INSTRUCTIONS FOR THE TASK: Copy out every line from the records that includes "open".

──────────────────────────────

(* Consider any economy (in the setting described in the context, so in particular every market $\mathcal{M}(\theta)$, $\theta\in\Theta$, has a unique stable matching). Then there exists a Bayesian Nash equilibrium with truthfully reporting firms, in which every worker uses a weakly undominated strategy, whose outcome in each state $\theta$ is the unique stable matching (for the true preferences) of $\mathcal{M}(\theta)$.
   Context: Matching market: $\mathcal{M}=(F,W,U)$ with finite firms $F=\{f_i\}_{i\in[m]}$, finite workers $W=\{w_j\}_{j\in[n]}$, and utilities $u^f_{ij}$ (firm $f_i$ from worker $w_j$) and $u^w_{ij}$ (worker $w_j$ from firm $f_i$); being unmatched gives utility $0$; all preferences are strict and all firm–worker pairs are mutually acceptable (all match utilities are $>0$). A matching is stable if no agent is matched to an unacceptable partner and no firm–worker pair both strictly prefer each other to their assigned partners. An economy is $\mathcal{E}=(F,W,\{U(\theta)\}_{\theta\in\Theta},\Theta,\Psi)$ with finite state set $\Theta$, full-support prior $\Psi$, and market $\mathcal{M}(\theta)=(F,W,U(\theta))$ in state $\theta$; workers' utilities do not depend on the state ($u^w_{ij}(\theta)=u^w_{ij}(\theta')$ for all $\theta,\theta'$), while firms' utilities may. Standing assumption: each market $\mathcal{M}(\theta)$ has a unique stable matching. Game: a state $\theta$ is drawn according to $\Psi$; firms observe $\theta$ (and their utilities in $\theta$); each worker knows only his own (state-independent) preferences. All agents simultaneously submit rank-ordered lists of partners they declare acceptable, and the firm-proposing Deferred Acceptance algorithm is run on the reported lists. Firms are assumed to report truthfully; a worker's strategy is a single rank-ordered list, and a Bayesian Nash equilibrium (BNE) is a profile in which each worker's list maximizes his expected utility (under $\Psi$) given the others' strategies. A worker's strategy is weakly dominated if another list gives him weakly higher utility in every state against every profile of others' reports and strictly higher utility in some case. The outcome of a BNE is the matching it produces in each state. *)

theory Defs
  imports Complex_Main
begin
(* Let $\theta>1$ be real and let $n$ be a positive integer with $n>\log_2\theta$. Then exactly one of the following holds: (i) $M_\theta(n)=\left\lfloor \frac{n}{\log\theta}-\frac12\right\rfloor$ and $n\notin\mathcal A_\theta$; (ii) $M_\theta(n)=\left\lfloor \frac{n}{\log\theta}+\frac12\right\rfloor$ and $n\in\mathcal A_\theta$.
   Context: $\lfloor x\rfloor$ is the floor of $x$ and $\{x\}=x-\lfloor x\rfloor$ its fractional part; $\log$ is the natural logarithm. For real $\theta>1$ and positive integer $n$, $M_\theta(n)=\left\lfloor 1/\{\theta^{1/n}\}\right\rfloor$ and $M'_\theta(n)=\left\lfloor 1/(\theta^{1/n}-1)\right\rfloor$. The set of atypical numbers is $\mathcal A_\theta=\{n\in\mathbb N: M'_\theta(n)\neq \lfloor n/\log\theta-1/2\rfloor\}$, where $\mathbb N$ is the set of positive integers. *)

theory Defs
  imports Complex_Main
begin

definition M :: "real \<Rightarrow> nat \<Rightarrow> int" where
  "M \<theta> n = \<lfloor>1 / frac (\<theta> powr (1 / real n))\<rfloor>"

definition M' :: "real \<Rightarrow> nat \<Rightarrow> int" where
  "M' \<theta> n = \<lfloor>1 / (\<theta> powr (1 / real n) - 1)\<rfloor>"

definition atypical :: "real \<Rightarrow> nat set" where
  "atypical \<theta> = {n. n \<ge> 1 \<and> M' \<theta> n \<noteq> \<lfloor>real n / ln \<theta> - 1/2\<rfloor>}"

end

theory Submission
  imports Defs
begin

(* Write t = ln \<theta> / n, so that \<theta> powr (1/n) = exp t and n / ln \<theta> = 1/t.
   The hypothesis n > log 2 \<theta> means t < ln 2, i.e. 1 < exp t < 2; hence the
   fractional part of \<theta> powr (1/n) is exp t - 1 and M \<theta> n = M' \<theta> n.
   The analytic core is the two-sided estimate
        1/t - 1/2 < 1 / (exp t - 1) < 1/t      (t > 0),
   the lower half being equivalent to (2 - t) exp t < 2 + t, which is proved
   by the mean value theorem.  Consequently the floor of 1/(exp t - 1) is
   either \<lfloor>1/t - 1/2\<rfloor> or one more, namely \<lfloor>1/t + 1/2\<rfloor>; the first case is
   exactly n \<notin> atypical \<theta>, the second n \<in> atypical \<theta>, giving the dichotomy. *)

(* The inequality (2 - t) e^t < 2 + t for t > 0: the function
   (2 + s) e^(-s) + s - 2 vanishes at 0 and is strictly increasing, since its
   derivative 1 - (1 + s) e^(-s) is positive for s > 0. *)
lemma exp_pade_bound:
  fixes t :: real
  assumes t: "t > 0"
  shows "(2 - t) * exp t < 2 + t"
proof -
  define f where "f = (\<lambda>s::real. (2 + s) * exp (-s) + s - 2)"
  have deriv: "\<And>x. 0 \<le> x \<Longrightarrow> x \<le> t \<Longrightarrow> DERIV f x :> (1 - (1 + x) * exp (-x))"
    unfolding f_def by (auto intro!: derivative_eq_intros simp: algebra_simps)
  obtain z where z: "z > 0" "z < t" "f t - f 0 = (t - 0) * (1 - (1 + z) * exp (-z))"
    using MVT2[OF t deriv] by blast
  have "1 + z < exp z"
    using z(1) exp_minus_greater[of "-z"] by simp
  hence "(1 + z) * exp (-z) < 1"
    by (simp add: exp_minus field_simps)
  hence "f t > 0"
    using z t by (simp add: f_def)
  hence "2 - t < (2 + t) * exp (-t)"
    by (simp add: f_def)
  hence "(2 - t) * exp t < (2 + t) * exp (-t) * exp t"
    by simp
  also have "\<dots> = 2 + t"
    by (simp add: exp_minus field_simps)
  finally show ?thesis .
qed

(* Two-sided estimate of 1/(e^t - 1) by the first terms of its Laurent
   expansion 1/t - 1/2 + t/12 - \<dots>. *)
lemma inverse_exp_minus_one_bounds:
  fixes t :: real
  assumes t: "t > 0"
  shows "1 / (exp t - 1) < 1 / t" and "1 / t - 1 / 2 < 1 / (exp t - 1)"
proof -
  have gt: "exp t - 1 > t"
    using t exp_minus_greater[of "-t"] by simp
  then show "1 / (exp t - 1) < 1 / t"
    using t by (simp add: frac_less2)
  have "(2 - t) * (exp t - 1) < 2 * t"
    using exp_pade_bound[OF t] by (simp add: algebra_simps)
  hence "(2 - t) / (2 * t) < 1 / (exp t - 1)"
    using gt t by (simp add: field_simps)
  moreover have "1 / t - 1 / 2 = (2 - t) / (2 * t)"
    using t by (simp add: field_simps)
  ultimately show "1 / t - 1 / 2 < 1 / (exp t - 1)"
    by simp
qed

lemma floor_in_unit_interval:
  fixes a y :: real
  assumes "a \<le> y" and "y \<le> a + 1"
  shows "\<lfloor>y\<rfloor> = \<lfloor>a\<rfloor> \<or> \<lfloor>y\<rfloor> = \<lfloor>a\<rfloor> + 1"
proof -
  have "\<lfloor>a\<rfloor> \<le> \<lfloor>y\<rfloor>"
    using assms(1) by (rule floor_mono)
  moreover have "\<lfloor>y\<rfloor> \<le> \<lfloor>a + 1\<rfloor>"
    using assms(2) by (rule floor_mono)
  ultimately show ?thesis
    by linarith
qed

(* Under n > log 2 \<theta> the n-th root of \<theta> lies in (1, 2), so its fractional
   part is the root minus one and the two counting functions agree. *)
lemma M_eq_M':
  fixes \<theta> :: real and n :: nat
  assumes "\<theta> > 1" and "n \<ge> 1" and "real n > log 2 \<theta>"
  shows "M \<theta> n = M' \<theta> n"
proof -
  have root: "\<theta> powr (1 / real n) = exp (ln \<theta> / real n)"
    using assms(1) by (simp add: powr_def)
  have "ln \<theta> < real n * ln 2"
    using assms(3) by (simp add: log_def divide_less_eq)
  hence "ln \<theta> / real n < ln 2"
    using assms(2) by (simp add: divide_less_eq mult.commute)
  hence below2: "\<theta> powr (1 / real n) < 2"
    unfolding root by (metis exp_less_cancel_iff exp_ln zero_less_numeral)
  have above1: "\<theta> powr (1 / real n) > 1"
    using assms(1,2) by simp
  have "frac (\<theta> powr (1 / real n)) = \<theta> powr (1 / real n) - 1"
    using above1 below2 by (simp add: frac_def floor_eq_iff)
  then show ?thesis
    by (simp add: M_def M'_def)
qed

theorem theorem1:
  fixes \<theta> :: real and n :: nat
  assumes "\<theta> > 1" and "n \<ge> 1" and "real n > log 2 \<theta>"
  shows "(M \<theta> n = \<lfloor>real n / ln \<theta> - 1/2\<rfloor> \<and> n \<notin> atypical \<theta>) \<noteq>
         (M \<theta> n = \<lfloor>real n / ln \<theta> + 1/2\<rfloor> \<and> n \<in> atypical \<theta>)"
proof -
  define t where "t = ln \<theta> / real n"
  define y where "y = 1 / (exp t - 1)"
  define a where "a = 1 / t - 1 / 2"
  have t: "t > 0"
    using assms(1,2) by (simp add: t_def)
  have M_y: "M \<theta> n = \<lfloor>y\<rfloor>"
    using M_eq_M'[OF assms] assms(1) by (simp add: M'_def powr_def t_def y_def)
  have ratio: "real n / ln \<theta> - 1/2 = a" "real n / ln \<theta> + 1/2 = a + 1"
    by (simp_all add: a_def t_def)
  have atyp: "n \<in> atypical \<theta> \<longleftrightarrow> \<lfloor>y\<rfloor> \<noteq> \<lfloor>a\<rfloor>"
    using assms(2) M_eq_M'[OF assms] M_y by (simp add: atypical_def ratio)
  have "\<lfloor>y\<rfloor> = \<lfloor>a\<rfloor> \<or> \<lfloor>y\<rfloor> = \<lfloor>a\<rfloor> + 1"
    using inverse_exp_minus_one_bounds[OF t]
    by (intro floor_in_unit_interval) (simp_all add: a_def y_def)
  then show ?thesis
    unfolding M_y ratio atyp by auto
qed

end
(* For all well-typed terms $\Gamma\vdash t:A$ and $\Gamma\vdash u:A$ of $\lambda^{S}$: $\Gamma\vdash t\equiv u:A$ holds in $\lambda^{S}$ if and only if $[\![t]\!]=[\![u]\!]:[\![\Gamma]\!]\to[\![A]\!]$ in every categorical model of $\lambda^{S}$ (i.e. every cartesian closed category equipped with a strong endofunctor, for every choice of interpretation of the base type).
   Context: Types: $A,B ::= \iota \mid 1 \mid A\times B \mid A\to B \mid \Diamond A$, where $\iota$ is a base type. A context $\Gamma$ is a list $x_1:A_1,\dots,x_n:A_n$ of distinct variables. Terms of the simply typed part: variables, $()$, $\langle t,u\rangle$, $\mathsf{fst}\,t$, $\mathsf{snd}\,t$, $\lambda x.t$, $t\,u$, with the standard typing rules. Modal term formers: (letmap) if $\Gamma\vdash t:\Diamond A$ and $\Gamma,x:A\vdash u:B$ then $\Gamma\vdash \mathsf{letmap}\ x=t\ \mathsf{in}\ u:\Diamond B$; (ret) if $\Gamma\vdash t:A$ then $\Gamma\vdash\mathsf{ret}\,t:\Diamond A$; (let) if $\Gamma\vdash t:\Diamond A$ and $\Gamma,x:A\vdash u:\Diamond B$ then $\Gamma\vdash\mathsf{let}\ x=t\ \mathsf{in}\ u:\Diamond B$. The calculus $\lambda^{S}$ has only letmap; $\lambda^{SR}$ has letmap and ret; $\lambda^{SJ}$ has letmap and let; $\lambda^{ML}$ (Moggi's monadic metalanguage) has ret and let. The equational theory $\Gamma\vdash t\equiv u:A$ of each calculus is the least congruence on well-typed terms (equivalence relation compatible with all term formers) containing the $\beta\eta$-laws of the simply typed lambda calculus ($t\equiv()$ for $t:1$; $t\equiv\langle\mathsf{fst}\,t,\mathsf{snd}\,t\rangle$; $\mathsf{fst}\langle t,u\rangle\equiv t$; $\mathsf{snd}\langle t,u\rangle\equiv u$; $t\equiv\lambda x.\,t\,x$ with $x$ fresh; $(\lambda x.t)\,u\equiv t[u/x]$) and the following modal laws, each included in the indicated calculi (terms are implicitly weakened into larger contexts where needed; $t[u/x]$ is capture-avoiding substitution): (letmap-$\eta$) $t\equiv\mathsf{letmap}\ x=t\ \mathsf{in}\ x$ [$\lambda^{S},\lambda^{SR},\lambda^{SJ}$]; (letmap-$\beta$) $\mathsf{letmap}\ y=(\mathsf{letmap}\ x=t\ \mathsf{in}\ u)\ \mathsf{in}\ u'\equiv\mathsf{letmap}\ x=t\ \mathsf{in}\ u'[u/y]$ [$\lambda^{S},\lambda^{SR},\lambda^{SJ}$]; (ret-letmap) $\mathsf{letmap}\ x=\mathsf{ret}\,t\ \mathsf{in}\ u\equiv\mathsf{ret}(u[t/x])$ [$\lambda^{SR}$]; (let-letmap) $\mathsf{let}\ y=(\mathsf{letmap}\ x=t\ \mathsf{in}\ u)\ \mathsf{in}\ u'\equiv\mathsf{let}\ x=t\ \mathsf{in}\ u'[u/y]$ [$\lambda^{SJ}$]; (com) $\mathsf{letmap}\ y=(\mathsf{let}\ x=t\ \mathsf{in}\ u)\ \mathsf{in}\ u'\equiv\mathsf{let}\ x=t\ \mathsf{in}\ (\mathsf{letmap}\ y=u\ \mathsf{in}\ u')$ [$\lambda^{SJ}$]; (ass) $\mathsf{let}\ y=(\mathsf{let}\ x=t\ \mathsf{in}\ u)\ \mathsf{in}\ u'\equiv\mathsf{let}\ x=t\ \mathsf{in}\ (\mathsf{let}\ y=u\ \mathsf{in}\ u')$ [$\lambda^{SJ},\lambda^{ML}$]; (ML-$\beta$) $\mathsf{let}\ x=\mathsf{ret}\,t\ \mathsf{in}\ u\equiv u[t/x]$ [$\lambda^{ML}$]; (ML-$\eta$) $t\equiv\mathsf{let}\ x=t\ \mathsf{in}\ \mathsf{ret}\,x$ [$\lambda^{ML}$]. Categorical models: a categorical model of $\lambda^{S}$ is a cartesian closed category $\mathcal C$ with an endofunctor $D$ and a strength $\mathrm{st}_{X,Y}:X\times DY\to D(X\times Y)$ natural in $X,Y$ satisfying $D\pi_2\circ\mathrm{st}_{1,X}=\pi_2$ and $D\alpha\circ\mathrm{st}_{X\times Y,Z}=\mathrm{st}_{X,Y\times Z}\circ(\mathrm{id}\times\mathrm{st}_{Y,Z})\circ\alpha$ ($\alpha$ the associator). Given an object interpreting $\iota$, types are interpreted by $[\![1]\!]$ terminal, products, exponentials, $[\![\Diamond A]\!]=D[\![A]\!]$; contexts by iterated products starting from the terminal object; simply typed terms in the standard cartesian closed way, and $[\![\mathsf{letmap}\ x=t\ \mathsf{in}\ u]\!]=D[\![u]\!]\circ\mathrm{st}\circ\langle\mathrm{id},[\![t]\!]\rangle$. *)

theory Defs
  imports Main
begin

datatype ty = Base | One | Prod ty ty | Arr ty ty | Dia ty

text \<open>Variables are de Bruijn indices; Var 0 is the most recently bound
 variable, i.e. the head of the context list. Letmap t u stands for (letmap x = t in u), the
 variable x being bound in u as index 0.\<close>
datatype tm = Var nat | Unit | Pair tm tm | Fst tm | Snd tm
  | Lam ty tm | App tm tm | Letmap tm tm
lemma norm_mult_Moebius_power_less_1:
  assumes "norm c < 1" and "norm w0 < 1" and "norm w < 1"
  shows "norm (c * Moebius_function 0 w0 w ^ m) < 1"
proof -
  have "norm (Moebius_function 0 w0 w) < 1"
    using assms(2,3) by (rule Moebius_function_norm_lt_1)
  then have "norm (Moebius_function 0 w0 w ^ m) \<le> 1"
    by (simp add: norm_power power_le_one)
  then show ?thesis
    using assms(1) mult_right_le_one_le[of "norm c" "norm (Moebius_function 0 w0 w ^ m)"]
    by (simp add: norm_mult)
qed

lemma Moebius_power_bigo_nhds:
  assumes "norm w0 < 1"
  shows "(\<lambda>w. Moebius_function 0 w0 w ^ m) \<in> O[nhds w0](\<lambda>w. (w - w0) ^ m)"
proof -
  have "Moebius_function 0 w0 field_differentiable (at w0)"
    using Moebius_function_holomorphic[OF assms] assms
    by (intro holomorphic_on_imp_differentiable_at) auto
  then have "(\<lambda>w. Moebius_function 0 w0 w) \<in> O[nhds w0](\<lambda>w. w - w0)"
    using field_differentiable_imp_bigo_nhds by (fastforce simp: Moebius_function_eq_zero)
  then show ?thesis
    by (rule landau_o.big_power)
qed
(* Let $P=[n_1]+[n_2]+\cdots+[n_k]$ be a disjoint union of chains on $[n]$, labeled consecutively within chains (the $i$-th chain is $N_i+1\prec\cdots\prec N_i+n_i$ with $N_i=n_1+\cdots+n_{i-1}$). Fix $I\subseteq[k]$ and let $S\subseteq P$ be the upper set consisting of the top element of the $i$-th chain for each $i\in I$. Then $f([S,\hat 1])$ equals the number of linear extensions $\pi$ of $P$ such that, for every $i\in I$, $\pi$ fixes at least one element of the $i$-th chain (i.e. $\pi_m=m$ for some $m\in\{N_i+1,\dots,N_i+n_i\}$).
   Context: Linear extensions are permutations $\pi$ (one-line notation $\pi_1\cdots\pi_n$) with $i\prec j\Rightarrow\pi^{-1}_i<\pi^{-1}_j$. $L$ is the lattice of upper sets of $P$ ordered by inclusion, with maximum $\hat1=P$; $f([S,\hat 1])$ is the number of maximal chains in the interval $[S,\hat1]$ of $L$. *)

theory Defs
  imports Main "HOL-Combinatorics.Permutations"
begin

definition chain_offset :: "(nat \<Rightarrow> nat) \<Rightarrow> nat \<Rightarrow> nat" where
  "chain_offset ns i = (\<Sum>j\<in>{1..<i}. ns j)"

definition ground :: "nat \<Rightarrow> (nat \<Rightarrow> nat) \<Rightarrow> nat set" where
  "ground k ns = {1..(\<Sum>i\<in>{1..k}. ns i)}"

definition chain_block :: "(nat \<Rightarrow> nat) \<Rightarrow> nat \<Rightarrow> nat set" where
  "chain_block ns i = {chain_offset ns i + 1 .. chain_offset ns i + ns i}"

definition prec :: "nat \<Rightarrow> (nat \<Rightarrow> nat) \<Rightarrow> nat \<Rightarrow> nat \<Rightarrow> bool" where
  "prec k ns a b \<longleftrightarrow> (\<exists>i\<in>{1..k}. a \<in> chain_block ns i \<and> b \<in> chain_block ns i \<and> a < b)"

definition upper_set :: "nat \<Rightarrow> (nat \<Rightarrow> nat) \<Rightarrow> nat set \<Rightarrow> bool" where
  "upper_set k ns U \<longleftrightarrow> U \<subseteq> ground k ns \<and> (\<forall>a\<in>U. \<forall>b. prec k ns a b \<longrightarrow> b \<in> U)"

definition interval_top :: "nat \<Rightarrow> (nat \<Rightarrow> nat) \<Rightarrow> nat set \<Rightarrow> nat set set" where
  "interval_top k ns S = {U. upper_set k ns U \<and> S \<subseteq> U \<and> U \<subseteq> ground k ns}"

definition f_interval :: "nat \<Rightarrow> (nat \<Rightarrow> nat) \<Rightarrow> nat set \<Rightarrow> nat" where
  "f_interval k ns S = card {C. subset.maxchain (interval_top k ns S) C}"

text \<open>Linear extensions: permutations pi of {1..n} (one-line notation pi 1 ... pi n)
  with  a prec b  implying  pi^{-1} a < pi^{-1} b.\<close>
definition linear_extension :: "nat \<Rightarrow> (nat \<Rightarrow> nat) \<Rightarrow> (nat \<Rightarrow> nat) \<Rightarrow> bool" where
  "linear_extension k ns \<pi> \<longleftrightarrow> \<pi> permutes ground k ns \<and>
     (\<forall>a b. prec k ns a b \<longrightarrow> inv \<pi> a < inv \<pi> b)"

end

theory Submission
  imports Defs "HOL-Combinatorics.Multiset_Permutations" "HOL-Library.Disjoint_Sets"
begin
lemma lborel_integral_affine:
  fixes f :: "'a::euclidean_space \<Rightarrow> 'b::{banach, second_countable_topology}"
  assumes c: "c \<noteq> 0"
  shows "(\<integral>x. f x \<partial>lborel) = \<bar>c\<bar> ^ DIM('a) *\<^sub>R (\<integral>x. f (t + c *\<^sub>R x) \<partial>lborel)"
proof cases
  assume f[measurable]: "integrable lborel f"
  then show ?thesis
    using c f[THEN borel_measurable_integrable] lborel_integrable_affine[OF f c, of t]
    by (subst lborel_affine[OF c, of t]) (simp add: integral_density integral_distr)
next
  assume "\<not> integrable lborel f"
  with c show ?thesis
    by (simp add: lborel_integrable_affine_iff not_integrable_integral_eq)
qed

section \<open>Characters and Gaussian Fourier transforms\<close>

lemma echar_add: "echar (a + b) = echar a * echar b"
  unfolding echar_def by (simp add: distrib_left distrib_right exp_add[symmetric])

lemma echar_minus: "echar (- a) = cnj (echar a)"
  unfolding echar_def by (simp add: exp_cnj)

lemma norm_echar [simp]: "norm (echar a) = 1"
  unfolding echar_def by (simp add: norm_exp_i_times)

lemma echar_0 [simp]: "echar 0 = 1"
  unfolding echar_def by simp

lemma echar_Ints: "n \<in> \<int> \<Longrightarrow> echar n = 1"
  unfolding echar_def using cis_multiple_2pi[of n] cis_conv_exp[of "2 * pi * n"]
  by (simp add: mult.commute)

lemma echar_sum: "finite A \<Longrightarrow> echar (\<Sum>i\<in>A. f i) = (\<Prod>i\<in>A. echar (f i))"
  by (induction A rule: finite_induct) (auto simp: echar_add)

lemma continuous_on_echar [continuous_intros]:
  "continuous_on S f \<Longrightarrow> continuous_on S (\<lambda>x. echar (f x))"
  unfolding echar_def by (intro continuous_intros)

lemma has_bochner_integral_std_normal_iexp:
  "has_bochner_integral lborel (\<lambda>x. std_normal_density x *\<^sub>R iexp (\<theta> * x))
     (complex_of_real (exp (- \<theta>\<^sup>2 / 2)))"
proof -
  have "integrable lborel (\<lambda>x. std_normal_density x *\<^sub>R iexp (\<theta> * x))"
  proof (rule Bochner_Integration.integrable_bound)
    show "integrable lborel std_normal_density"
      using integrable_std_normal_moment[of 0] by simp
    show "AE x in lborel. norm (std_normal_density x *\<^sub>R iexp (\<theta> * x)) \<le> norm (std_normal_density x)"
      by (simp add: norm_exp_i_times)
  qed simp
  then have "has_bochner_integral lborel (\<lambda>x. std_normal_density x *\<^sub>R iexp (\<theta> * x))
               (char std_normal_distribution \<theta>)"
    unfolding char_def by (subst integral_density) (auto simp: has_bochner_integral_iff)
  then show ?thesis
    by (simp add: char_std_normal_distribution)
qed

──────────────────────────────

COMPLETED EXERCISE:
text \<open>Variables are de Bruijn indices; Var 0 is the most recently bound
text \<open>Linear extensions: permutations pi of {1..n} (one-line notation pi 1 ... pi n)
section \<open>Characters and Gaussian Fourier transforms\<close>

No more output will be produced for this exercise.